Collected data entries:
lemma white_noise_rect_incr_zkernel_frequently_large:
  assumes wn: "white_noise M W"
    and e: "\<And>n. 0 < e n" "\<And>n. fst x \<noteq> snd x \<Longrightarrow> 2 * e n < \<bar>fst x - snd x\<bar>" "e \<longlonglongrightarrow> 0"
    and s: "s = 1 \<or> s = -1" and \<kappa>: "0 < \<kappa>"
  shows "AE \<omega> in M. \<forall>N::nat. \<exists>\<^sub>F n in sequentially.
    real N * (2 * e n powr (1 + \<kappa>)) < \<bar>W (\<lambda>y. rect_incr (\<lambda>z. zkernel z y) s (e n) x) \<omega>\<bar>"
proof (rule AE_frequently_gt_of_small_ball)
  show "prob_space M"
    using wn by (rule white_noise_prob_space)
  show "W (\<lambda>y. rect_incr (\<lambda>z. zkernel z y) s (e n) x) \<in> borel_measurable M" for n
    using wn sq_int_rect_incr[of zkernel, OF sq_int_zkernel] by (rule white_noise_measurable)
  fix N :: nat
  have bound_lim: "(\<lambda>n. 4 * real N * e n powr \<kappa>) \<longlonglongrightarrow> 0"
    using e \<kappa> by (intro tendsto_mult_right_zero tendsto_zero_powrI)
      (auto intro!: always_eventually intro: less_imp_le)
  have "measure M {\<omega> \<in> space M.
      \<bar>W (\<lambda>y. rect_incr (\<lambda>z. zkernel z y) s (e n) x) \<omega>\<bar> \<le> real N * (2 * e n powr (1 + \<kappa>))}
      \<le> 4 * real N * e n powr \<kappa>" for n
  proof -
    have "measure M {\<omega> \<in> space M.
      \<bar>W (\<lambda>y. rect_incr (\<lambda>z. zkernel z y) s (e n) x) \<omega>\<bar> \<le> real N * (2 * e n powr (1 + \<kappa>))}
        \<le> 2 * (real N * (2 * e n powr (1 + \<kappa>))) / e n"
      using e s by (intro white_noise_rect_incr_zkernel_small_ball[OF wn]) auto
    also have "\<dots> = 4 * real N * e n powr \<kappa>"
      using e(1)[of n] by (simp add: powr_add)
    finally show ?thesis .
  qed
  then show "(\<lambda>n. measure M {\<omega> \<in> space M.
      \<bar>W (\<lambda>y. rect_incr (\<lambda>z. zkernel z y) s (e n) x) \<omega>\<bar> \<le> real N * (2 * e n powr (1 + \<kappa>))}) \<longlonglongrightarrow> 0"
    by (intro tendsto_sandwich[OF _ _ tendsto_const bound_lim]) (auto intro!: always_eventually)
qed

theorem lemma1p2:
  fixes M :: "'a measure" and W :: "(real \<times> real \<Rightarrow> real) \<Rightarrow> 'a \<Rightarrow> real"
    and Z :: "real \<times> real \<Rightarrow> 'a \<Rightarrow> real"
    and x :: "real \<times> real" and \<kappa> s :: real
  assumes "white_noise M W"
    and "\<And>z. AE \<omega> in M. Z z \<omega> = W (zkernel z) \<omega> / 2"
    and "\<And>\<omega>. \<omega> \<in> space M \<Longrightarrow> continuous_on UNIV (\<lambda>z. Z z \<omega>)"
    and "\<kappa> > 0"
    and "s = 1 \<or> s = -1"
  shows "AE \<omega> in M.
           Limsup (at (0::real))
             (\<lambda>e. ereal (\<bar>rect_incr (\<lambda>z. Z z \<omega>) s e x\<bar> / \<bar>e\<bar> powr (1 + \<kappa>))) = \<infinity>"
proof -
  \<comment> \<open>Only countably many increments enter.\<close>
  note wn = assms(1) and Z = assms(2)
  define c where "c = (if fst x = snd x then 1 else \<bar>fst x - snd x\<bar> / 2)"
  have "0 < c"
    by (simp add: c_def)
  then obtain e where e_pos: "\<And>n. 0 < e n" and "e \<longlonglongrightarrow> 0" and e_small: "\<And>n. e n < c"
    by (rule positive_null_sequence_below) auto
  moreover have e_nonzero: "e n \<noteq> 0" for n
    using e_pos[of n] by simp
  ultimately have e_at_0: "filterlim e (at 0) sequentially"
    by (intro filterlim_atI always_eventually) auto
  have e_off_diagonal: "fst x \<noteq> snd x \<Longrightarrow> 2 * e n < \<bar>fst x - snd x\<bar>" for n
    using e_small[of n] by (simp add: c_def)
  define X where "X n = W (\<lambda>y. rect_incr (\<lambda>z. zkernel z y) s (e n) x)" for n
  have "AE \<omega> in M. \<forall>n. rect_incr (\<lambda>z. Z z \<omega>) s (e n) x = X n \<omega> / 2"
    unfolding X_def AE_all_countable using wn sq_int_zkernel Z by (intro allI AE_rect_incr_half_white_noise)
  moreover have "AE \<omega> in M. \<forall>N::nat. \<exists>\<^sub>F n in sequentially. real N * (2 * e n powr (1 + \<kappa>)) < \<bar>X n \<omega>\<bar>"
    unfolding X_def using wn e_pos e_off_diagonal \<open>e \<longlonglongrightarrow> 0\<close> assms(5,4)
    by (rule white_noise_rect_incr_zkernel_frequently_large)
  ultimately show ?thesis
  proof eventually_elim
    case (elim \<omega>)
    have "\<exists>\<^sub>F n in sequentially.
        ereal (real N) \<le> ereal (\<bar>rect_incr (\<lambda>z. Z z \<omega>) s (e n) x\<bar> / \<bar>e n\<bar> powr (1 + \<kappa>))" for N :: nat
      using elim(2)[rule_format, of N]
      by (rule frequently_elim1) (simp add: elim(1) e_pos e_nonzero less_imp_le pos_le_divide_eq)
    then show ?case
      by (rule Limsup_eq_PInfty_of_frequently_ge[OF e_at_0])
  qed
qed

end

WHAT NEEDS TO BE DONE — Repeat the lines above exactly.

RESULT —
lemma white_noise_rect_incr_zkernel_frequently_large:
  assumes wn: "white_noise M W"
    and e: "\<And>n. 0 < e n" "\<And>n. fst x \<noteq> snd x \<Longrightarrow> 2 * e n < \<bar>fst x - snd x\<bar>" "e \<longlonglongrightarrow> 0"
    and s: "s = 1 \<or> s = -1" and \<kappa>: "0 < \<kappa>"
  shows "AE \<omega> in M. \<forall>N::nat. \<exists>\<^sub>F n in sequentially.
    real N * (2 * e n powr (1 + \<kappa>)) < \<bar>W (\<lambda>y. rect_incr (\<lambda>z. zkernel z y) s (e n) x) \<omega>\<bar>"
proof (rule AE_frequently_gt_of_small_ball)
  show "prob_space M"
    using wn by (rule white_noise_prob_space)
  show "W (\<lambda>y. rect_incr (\<lambda>z. zkernel z y) s (e n) x) \<in> borel_measurable M" for n
    using wn sq_int_rect_incr[of zkernel, OF sq_int_zkernel] by (rule white_noise_measurable)
  fix N :: nat
  have bound_lim: "(\<lambda>n. 4 * real N * e n powr \<kappa>) \<longlonglongrightarrow> 0"
    using e \<kappa> by (intro tendsto_mult_right_zero tendsto_zero_powrI)
      (auto intro!: always_eventually intro: less_imp_le)
  have "measure M {\<omega> \<in> space M.
      \<bar>W (\<lambda>y. rect_incr (\<lambda>z. zkernel z y) s (e n) x) \<omega>\<bar> \<le> real N * (2 * e n powr (1 + \<kappa>))}
      \<le> 4 * real N * e n powr \<kappa>" for n
  proof -
    have "measure M {\<omega> \<in> space M.
      \<bar>W (\<lambda>y. rect_incr (\<lambda>z. zkernel z y) s (e n) x) \<omega>\<bar> \<le> real N * (2 * e n powr (1 + \<kappa>))}
        \<le> 2 * (real N * (2 * e n powr (1 + \<kappa>))) / e n"
      using e s by (intro white_noise_rect_incr_zkernel_small_ball[OF wn]) auto
    also have "\<dots> = 4 * real N * e n powr \<kappa>"
      using e(1)[of n] by (simp add: powr_add)
    finally show ?thesis .
  qed
  then show "(\<lambda>n. measure M {\<omega> \<in> space M.
      \<bar>W (\<lambda>y. rect_incr (\<lambda>z. zkernel z y) s (e n) x) \<omega>\<bar> \<le> real N * (2 * e n powr (1 + \<kappa>))}) \<longlonglongrightarrow> 0"
    by (intro tendsto_sandwich[OF _ _ tendsto_const bound_lim]) (auto intro!: always_eventually)
qed

theorem lemma1p2:
  fixes M :: "'a measure" and W :: "(real \<times> real \<Rightarrow> real) \<Rightarrow> 'a \<Rightarrow> real"
    and Z :: "real \<times> real \<Rightarrow> 'a \<Rightarrow> real"
    and x :: "real \<times> real" and \<kappa> s :: real
  assumes "white_noise M W"
    and "\<And>z. AE \<omega> in M. Z z \<omega> = W (zkernel z) \<omega> / 2"
    and "\<And>\<omega>. \<omega> \<in> space M \<Longrightarrow> continuous_on UNIV (\<lambda>z. Z z \<omega>)"
    and "\<kappa> > 0"
    and "s = 1 \<or> s = -1"
  shows "AE \<omega> in M.
           Limsup (at (0::real))
             (\<lambda>e. ereal (\<bar>rect_incr (\<lambda>z. Z z \<omega>) s e x\<bar> / \<bar>e\<bar> powr (1 + \<kappa>))) = \<infinity>"
proof -
  \<comment> \<open>Only countably many increments enter.\<close>
  note wn = assms(1) and Z = assms(2)
  define c where "c = (if fst x = snd x then 1 else \<bar>fst x - snd x\<bar> / 2)"
  have "0 < c"
    by (simp add: c_def)
  then obtain e where e_pos: "\<And>n. 0 < e n" and "e \<longlonglongrightarrow> 0" and e_small: "\<And>n. e n < c"
    by (rule positive_null_sequence_below) auto
  moreover have e_nonzero: "e n \<noteq> 0" for n
    using e_pos[of n] by simp
  ultimately have e_at_0: "filterlim e (at 0) sequentially"
    by (intro filterlim_atI always_eventually) auto
  have e_off_diagonal: "fst x \<noteq> snd x \<Longrightarrow> 2 * e n < \<bar>fst x - snd x\<bar>" for n
    using e_small[of n] by (simp add: c_def)
  define X where "X n = W (\<lambda>y. rect_incr (\<lambda>z. zkernel z y) s (e n) x)" for n
  have "AE \<omega> in M. \<forall>n. rect_incr (\<lambda>z. Z z \<omega>) s (e n) x = X n \<omega> / 2"
    unfolding X_def AE_all_countable using wn sq_int_zkernel Z by (intro allI AE_rect_incr_half_white_noise)
  moreover have "AE \<omega> in M. \<forall>N::nat. \<exists>\<^sub>F n in sequentially. real N * (2 * e n powr (1 + \<kappa>)) < \<bar>X n \<omega>\<bar>"
    unfolding X_def using wn e_pos e_off_diagonal \<open>e \<longlonglongrightarrow> 0\<close> assms(5,4)
    by (rule white_noise_rect_incr_zkernel_frequently_large)
  ultimately show ?thesis
  proof eventually_elim
    case (elim \<omega>)
    have "\<exists>\<^sub>F n in sequentially.
        ereal (real N) \<le> ereal (\<bar>rect_incr (\<lambda>z. Z z \<omega>) s (e n) x\<bar> / \<bar>e n\<bar> powr (1 + \<kappa>))" for N :: nat
      using elim(2)[rule_format, of N]
      by (rule frequently_elim1) (simp add: elim(1) e_pos e_nonzero less_imp_le pos_le_divide_eq)
    then show ?case
      by (rule Limsup_eq_PInfty_of_frequently_ge[OF e_at_0])
  qed
qed

end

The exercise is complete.